Desde esta charca, desde este mar, con M de Mirinda, por el que corren las liebres, se ven a lo lejos, en lo alto, los montes con sus sardinas, también corricolaris. El orbe todo, mares y montes, cubierto de runners.
Todos corriendo, con las zarpas, que aprehenden el presente, con las aletas de la ficción, con los pulgares oponibles, danzarines que se deslizan sobre la actualidad y las pantallas táctiles, y, sobre todo, con los cerebros, ávidos.
Es una patología tolerada, al igual que el alcohol es una droga bien vista. Hay una adicción generalizada, pues impera el deseo de ver, de ojear, un flujo incesante de titulares frescos, el ansia de tener un buzón de entrada perlado de mensajes nuevos y relevantes, el afán de dejar huella, aunque sea líquida, el afán de ser leído, de pavonearse, de ser descubierto, de dar muestras de estar vivo.
Todos los seres pluricelulares que pululan por las redes, en una vertiginosa cadena trófica, consumen y generan contenidos. ¡Oh, los manidos contenidos!
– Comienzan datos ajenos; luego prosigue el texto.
theorem mainTheorem10:
  fixes n m d :: nat and I :: "int list set set"
  assumes "d \<ge> 1" and "n \<ge> 1"
    and "tropical_ideal (n + m) I" and "paving (n + m) I (d + 1)"
  shows "(\<not> (\<exists>S\<in>hyperplanes (n + m) I d. emb m ` lat n \<subseteq> S) \<longrightarrow>
           tropical_ideal n (restrict_ideal n m I) \<and>
           paving n (restrict_ideal n m I) (d + 1) \<and>
           d_partition (lat n) d (restrict_partition n m d (hyperplanes (n + m) I d)) \<and>
           translation_invariant n (restrict_partition n m d (hyperplanes (n + m) I d)) \<and>
           hyperplanes n (restrict_ideal n m I) d =
             restrict_partition n m d (hyperplanes (n + m) I d))
       \<and> ((\<exists>S\<in>hyperplanes (n + m) I d. emb m ` lat n \<subseteq> S) \<longrightarrow>
           tropical_ideal n (restrict_ideal n m I) \<and>
           paving n (restrict_ideal n m I) d \<and>
           (\<forall>A. indep n (restrict_ideal n m I) A \<longleftrightarrow>
                  A \<subseteq> lat n \<and> finite A \<and> card A \<le> d) \<and>
           hyperplanes n (restrict_ideal n m I) (d - 1) =
             {D. D \<subseteq> lat n \<and> finite D \<and> card D = d - 1})"
proof -
  have P: "paving_tropical (n + m) I d" using assms by unfold_locales
  have trop: "tropical_ideal n (restrict_ideal n m I)"
    using tropical_ideal_restrict_ideal[OF assms(3)] .
  show ?thesis
  proof (intro conjI impI)
    assume "\<not> (\<exists>S\<in>hyperplanes (n + m) I d. emb m ` lat n \<subseteq> S)"
    then have pav: "paving n (restrict_ideal n m I) (d + 1)"
      using paving_restrict_ideal[OF P] mrank_lat_if_in_no_hyperplane[OF P assms(2)] by blast
    then interpret J: paving_tropical n "restrict_ideal n m I" d
      using trop assms(1) by unfold_locales
    have "is_ideal n (restrict_ideal n m I)" using trop unfolding tropical_ideal_def by blast
    note hyperplanes_eq = hyperplanes_restrict_ideal[OF P]
    show "tropical_ideal n (restrict_ideal n m I)" "paving n (restrict_ideal n m I) (d + 1)"
      "hyperplanes n (restrict_ideal n m I) d = restrict_partition n m d (hyperplanes (n + m) I d)"
      by (fact trop pav hyperplanes_eq)+
    show "d_partition (lat n) d (restrict_partition n m d (hyperplanes (n + m) I d))"
      "translation_invariant n (restrict_partition n m d (hyperplanes (n + m) I d))"
      using J.d_partition_hyperplanes J.translation_invariant_hyperplanes[OF \<open>is_ideal n _\<close>, of d]
      unfolding hyperplanes_eq by blast+
  next
    assume "\<exists>S\<in>hyperplanes (n + m) I d. emb m ` lat n \<subseteq> S"
    then interpret U: uniform_rank n "restrict_ideal n m I" d
      using uniform_rank_restrict_ideal[OF P assms(2)] by blast
    show "tropical_ideal n (restrict_ideal n m I)" "paving n (restrict_ideal n m I) d"
      "\<forall>A. indep n (restrict_ideal n m I) A \<longleftrightarrow> A \<subseteq> lat n \<and> finite A \<and> card A \<le> d"
      "hyperplanes n (restrict_ideal n m I) (d - 1) = {D. D \<subseteq> lat n \<and> finite D \<and> card D = d - 1}"
      using trop U.paving_uniform U.indep_iff U.hyperplanes_uniform[OF assms(1)] by blast+
  qed
qed
(* Under the hypotheses and notation of the context, the limit $\bar\Psi(+\infty)=\lim_{t\to+\infty}\bar\Psi(t)$ exists and $$\bar\Psi(+\infty)\in\Big\{0,\ -\tfrac{p-1}{2(p+1)}(k^2+l^2)\sigma_0^{\frac{p+1}{p-1}}\Big\},$$ where $k,l\ge0$ are not both $0$ and satisfy $\mu_1k^{2q}+\beta k^{q-1}l^{q+1}=1$, $\mu_2l^{2q}+\beta l^{q-1}k^{q+1}=1$ (if one of $k,l$ is $0$, say $k=0$, this is understood as $\mu_2l^{2q}=1$, and symmetrically).
   Context: Let $n\ge3$, $\mu_1,\mu_2,\beta>0$, $p=2q+1$ with $\frac{n}{n-2}<p<\frac{n+2}{n-2}$, and $(u,v)$ a nonnegative radial $C^2(\mathbb{R}^n\setminus\{0\})$ solution of $-\Delta u=\mu_1u^{2q+1}+\beta u^qv^{q+1}$, $-\Delta v=\mu_2v^{2q+1}+\beta v^qu^{q+1}$ in $\mathbb{R}^n\setminus\{0\}$. $\bar u(x)=|x|^{2-n}u(x/|x|^2)$, $\bar v(x)=|x|^{2-n}v(x/|x|^2)$, $\alpha=p(n-2)-(n+2)$, $\delta_0=\frac{2+\alpha}{p-1}$, $\bar w_1(t)=e^{-\delta_0t}\bar u(e^{-t})$, $\bar w_2(t)=e^{-\delta_0t}\bar v(e^{-t})$, $\sigma_0=\frac{(2+\alpha)(n-2)}{(p-1)^2}\big(p-\frac{n+\alpha}{n-2}\big)$, and $$\bar\Psi(t)=\tfrac12\big(|\bar w_1'|^2+|\bar w_2'|^2-\sigma_0(\bar w_1^2+\bar w_2^2)\big)+\tfrac1{p+1}\big(\mu_1\bar w_1^{p+1}+2\beta\bar w_1^{q+1}\bar w_2^{q+1}+\mu_2\bar w_2^{p+1}\big).$$ *)

theory Defs
  imports "HOL-Analysis.Analysis"
begin

definition partial :: "'n::finite \<Rightarrow> (real^'n \<Rightarrow> real) \<Rightarrow> real^'n \<Rightarrow> real" where
  "partial i f x = deriv (\<lambda>t. f (x + t *\<^sub>R axis i 1)) 0"

definition partial_exists :: "'n::finite \<Rightarrow> (real^'n \<Rightarrow> real) \<Rightarrow> real^'n \<Rightarrow> bool" where
  "partial_exists i f x \<longleftrightarrow> (\<lambda>t. f (x + t *\<^sub>R axis i 1)) differentiable (at 0)"

definition C2_on :: "(real^'n::finite) set \<Rightarrow> (real^'n \<Rightarrow> real) \<Rightarrow> bool" where
  "C2_on S f \<longleftrightarrow> continuous_on S f \<and>
     (\<forall>i. (\<forall>x\<in>S. partial_exists i f x) \<and> continuous_on S (partial i f)) \<and>
     (\<forall>i j. (\<forall>x\<in>S. partial_exists j (partial i f) x) \<and>
            continuous_on S (partial j (partial i f)))"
Algunos son creados con celo y esmero, e incluso son retribuidos; otros son meros subproductos de nuestro movimiento virtual; otros, simple objeto del deseo húmedo de diseñadores de receptáculos digitales, de agregadores-amasadores de pulpa, como carne falsa de cangrejo, txaka triste en las fauces triplemente dentadas de tiburones desnortados, o asépticos pellets energéticos que alimentan el fuego y mantienen vivas las webs, blogs, apps… y otras ballenas que, aún varadas o ahítas, siguen demandando su ración de textos, imágenes, vírgenes, comentarios, exvotos, likes, enlaces, readers´ digests…
¿Pueden los proteicos generadores de contenidos acabar saturándose y volverse eremitas digitales? Sí, en casos contados únicamente, pues su umbral de tolerancia ante la demanda implacable de visibilidad y actualización afanosa baja y baja y vuelve a bajar. ¿Nadie nos lee? No importa, ni siquiera nosotros mismos releemos nuestras “entradas”. Fatalidad e inconsciencia.
“Miro el Facebook, miro un tuit, miro Instagram y no te leo a ti.” Me atrevo a proponer este estribillo pegadizo para ser unido mentalmente con la melodía que Alaska creó para “Muevo la pierna, muevo el pie, muevo la tibia y el peroné”. Y, como complemento a esta “Propuesta de banda sonora nada original” me atrevo a meter el dedo en la llaga y preguntar, sin esperar obtener respuesta alguna, para ser coherente con la premisa que subyace en mi planteamiento suspicaz: ¿quién lee a quién?, ¿alguien lee a alguien?, ¿basta con interactuar con los contenidos, reenviándolos, sobrevolándolos frívolamente, juzgándolos, puntuándolos, para que den calor?, ¿hay tiempo suficiente en la vida para leer cuanto contenido se genera?, ¿a qué se debe, y a qué amo sirve, tanto revuelo y chapoteo?
Lo innegable es que el sistema nunca dejará de ser insaciable. Feed me, Seymour, cantaba la planta carnívora de The Little Shop of Horrors, otra banda sonora, esta sí, original, para tener en mente mientras produzco más madera. Esto está que arde.